* EXERCISE PROMPT *
Could you return every line of the material that contains the word "lemma"?

* EXERCISE INPUT *
lemma bernoulli_fps_times_exp_reflect_plus:
  fixes A :: "'a::field_char_0 fps"
  shows "bernoulli_fps * (fps_exp 1 * (A oo - fps_X) + A)
       = 2 * fps_filter even bernoulli_fps * fps_filter even A - fps_X * fps_filter odd A"
proof -
  have "bernoulli_fps * (fps_exp 1 * (A oo - fps_X) + A)
      = ((fps_exp 1 + 1) * bernoulli_fps) * fps_filter even A - ((fps_exp 1 - 1) * bernoulli_fps) * fps_filter odd A"
    unfolding fps_compose_uminus_X_eq_filter
    by (subst (3) fps_filter_even_plus_odd[of A, symmetric]) (simp add: algebra_simps)
  then show ?thesis
    by (simp only: exp_minus_one_times_bernoulli_fps exp_plus_one_times_bernoulli_fps)
qed

lemma exp_mult_reflect_eq_iff:
  fixes A :: "'a::field_char_0 fps"
  shows "fps_exp 1 * (A oo - fps_X) = A
     \<longleftrightarrow> fps_X * fps_filter even A = 2 * fps_filter even bernoulli_fps * fps_filter odd A"
proof -
  have "fps_exp 1 * (A oo - fps_X) = A \<longleftrightarrow> bernoulli_fps * (fps_exp 1 * (A oo - fps_X) - A) = 0"
    using bernoulli_fps_nonzero[where 'a='a] by simp
  then show ?thesis
    by (simp add: bernoulli_fps_times_exp_reflect_minus)
qed

lemma exp_mult_reflect_eq_uminus_iff:
  fixes A :: "'a::field_char_0 fps"
  shows "fps_exp 1 * (A oo - fps_X) = - A
     \<longleftrightarrow> fps_X * fps_filter odd A = 2 * fps_filter even bernoulli_fps * fps_filter even A"
proof -
  have "fps_exp 1 * (A oo - fps_X) = - A \<longleftrightarrow> bernoulli_fps * (fps_exp 1 * (A oo - fps_X) + A) = 0"
    using bernoulli_fps_nonzero[where 'a='a] by (simp add: eq_neg_iff_add_eq_0)
  then show ?thesis
    by (simp add: bernoulli_fps_times_exp_reflect_plus eq_commute[of "fps_X * _"])
qed

lemma X_mult_filter_even_plus_bernoulli_mult_filter_odd_nth_even:
  fixes A :: "'a::field_char_0 fps"
  assumes "even m"
  shows "(fps_X * fps_filter even A + 2 * fps_filter even bernoulli_fps * fps_filter odd A) $ m = 0"
proof -
  have "(fps_X * fps_filter even A) $ m = 0"
    using assms by (cases m) auto
  moreover have "(fps_filter even bernoulli_fps * fps_filter odd A) $ m = 0"
    unfolding fps_mult_nth using assms by (intro sum.neutral) auto
  ultimately show ?thesis
    by (simp add: mult.assoc fps_numeral_fps_const)
qed

section \<open>The defining equation coefficientwise\<close>

lemma fps_binomial_reflect_add:
  "fps_binomial (a + b) oo - fps_X
     = (fps_binomial a oo - fps_X) * (fps_binomial b oo - fps_X :: 'a::field_char_0 fps)"
  by (simp add: fps_binomial_add_mult fps_compose_mult_distrib)

lemma fps_binomial_reflect_inverse:
  "inverse (fps_binomial a oo - fps_X) = fps_binomial (- a) oo - (fps_X :: 'a::field_char_0 fps)"
  by (rule fps_inverse_unique) (simp flip: fps_binomial_reflect_add)

lemma fps_binomial_reflect_of_nat:
  "fps_binomial (of_nat n) oo - fps_X = (1 - fps_X :: 'a::field_char_0 fps) ^ n"
  by (simp add: fps_binomial_of_nat fps_compose_add_distrib flip: fps_compose_power)

lemma fps_int_power_one_minus_X:
  "fps_int_power (1 - fps_X) r = fps_binomial (of_int r) oo - (fps_X :: 'a::field_char_0 fps)"
proof (cases "r \<ge> 0")
  case True
  then show ?thesis
    using fps_binomial_reflect_of_nat[of "nat r", where 'a='a] by (simp add: fps_int_power_def)
next
  case False
  then have "(of_int r :: 'a) = - of_nat (nat (- r))"
    by simp
  with False show ?thesis
    by (simp add: fps_int_power_def fps_binomial_reflect_inverse
        flip: fps_binomial_reflect_of_nat)
qed

lemma X_over_X_minus_1_power:
  "(fps_X * inverse (fps_X - 1)) ^ j
     = (-1) ^ j * fps_X ^ j * (fps_binomial (- of_nat j) oo - (fps_X :: 'a::field_char_0 fps))"
proof -
  have "fps_binomial 1 oo - fps_X = (1 - fps_X :: 'a fps)"
    using fps_binomial_reflect_of_nat[of 1, where 'a='a] by simp
  then have "inverse (1 - fps_X) = (fps_binomial (- 1) oo - fps_X :: 'a fps)"
    using fps_binomial_reflect_inverse[of "1::'a"] by simp
  then have "inverse (fps_X - 1) = - (fps_binomial (- 1) oo - fps_X :: 'a fps)"
    by (metis fps_inverse_minus minus_diff_eq)
  then have "fps_X * inverse (fps_X - 1) = (-1) * fps_X * (fps_binomial (- 1) oo - fps_X :: 'a fps)"
    by simp
  then have "(fps_X * inverse (fps_X - 1)) ^ j
      = (-1) ^ j * fps_X ^ j * (fps_binomial (- 1) oo - fps_X :: 'a fps) ^ j"
    by (simp only: power_mult_distrib)
  moreover have "(fps_binomial (- 1) oo - fps_X :: 'a fps) ^ j = fps_binomial (- of_nat j) oo - fps_X"
  proof (induction j)
    case (Suc j)
    have "- of_nat (Suc j) = (-1 :: 'a) + - of_nat j"
      by simp
    then show ?case
      by (simp only: power_Suc Suc.IH fps_binomial_reflect_add)
  qed simp
  ultimately show ?thesis
    by simp
qed

lemma fps_binomial_reflect_mult_X_over_X_minus_1_power_nth:
  fixes c :: "'a::field_char_0"
  shows "((fps_binomial c oo - fps_X) * (fps_X * inverse (fps_X - 1)) ^ j) $ m
       = (if m < j then 0 else (-1) ^ m * ((c - of_nat j) gchoose (m - j)))"
proof -
  have "(fps_binomial c oo - fps_X) * (fps_X * inverse (fps_X - 1)) ^ j
      = (-1) ^ j * (fps_X ^ j * ((fps_binomial c oo - fps_X) * (fps_binomial (- of_nat j) oo - fps_X)))"
    by (simp add: X_over_X_minus_1_power mult_ac)
  also have "(fps_binomial c oo - fps_X) * (fps_binomial (- of_nat j) oo - fps_X)
      = fps_binomial (c - of_nat j) oo - (fps_X :: 'a fps)"
    by (simp flip: fps_binomial_reflect_add)
  also have "(-1) ^ j = fps_const ((-1) ^ j :: 'a)"
    by (metis fps_const_1_eq_1 fps_const_neg fps_const_power)
  finally show ?thesis
    by (auto simp: fps_X_power_mult_nth simp flip: power_add)
qed

lemma eq_mult_iff_mult_eq:
  fixes a b u v :: "'a::comm_monoid_mult"
  assumes "u * v = 1"
  shows "a = v * b \<longleftrightarrow> u * a = b"
proof
  assume "a = v * b"
  then show "u * a = b"
    by (simp add: assms mult.assoc[symmetric])
next
  assume "u * a = b"
  then show "a = v * b"
    by (metis assms mult.assoc mult.commute mult_1)
qed

lemma in_F_iff_binomial:
  "in_F r phi \<longleftrightarrow>
     (fps_binomial (- of_int r) oo - fps_X) * (phi oo fps_X * inverse (fps_X - 1)) = (phi :: 'a::field_char_0 fps)"
proof -
  let ?G = "\<lambda>a. fps_binomial a oo - (fps_X :: 'a fps)"
  have inv: "?G (- of_int r) * ?G (of_int r) = 1"
    by (simp flip: fps_binomial_reflect_add)
  have "in_F r phi \<longleftrightarrow> phi oo fps_X * inverse (fps_X - 1) = ?G (of_int r) * phi"
    by (simp add: in_F_def fps_int_power_one_minus_X)
  also have "\<dots> \<longleftrightarrow> ?G (- of_int r) * (phi oo fps_X * inverse (fps_X - 1)) = phi"
    using inv by (rule eq_mult_iff_mult_eq)
  finally show ?thesis .
qed

definition in_F_coeff_eq :: "int \<Rightarrow> 'a::field_char_0 fps \<Rightarrow> nat \<Rightarrow> bool" where
  "in_F_coeff_eq r phi n \<longleftrightarrow>
     phi $ n = (-1) ^ n * (\<Sum>j=0..n. ((- of_int r - of_nat j) gchoose (n - j)) * phi $ j)"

* OUTPUT BELOW *
lemma bernoulli_fps_times_exp_reflect_plus:
lemma exp_mult_reflect_eq_iff:
lemma exp_mult_reflect_eq_uminus_iff:
lemma X_mult_filter_even_plus_bernoulli_mult_filter_odd_nth_even:
lemma fps_binomial_reflect_add:
lemma fps_binomial_reflect_inverse:
lemma fps_binomial_reflect_of_nat:
lemma fps_int_power_one_minus_X:
lemma X_over_X_minus_1_power:
lemma fps_binomial_reflect_mult_X_over_X_minus_1_power_nth:
lemma eq_mult_iff_mult_eq:
lemma in_F_iff_binomial:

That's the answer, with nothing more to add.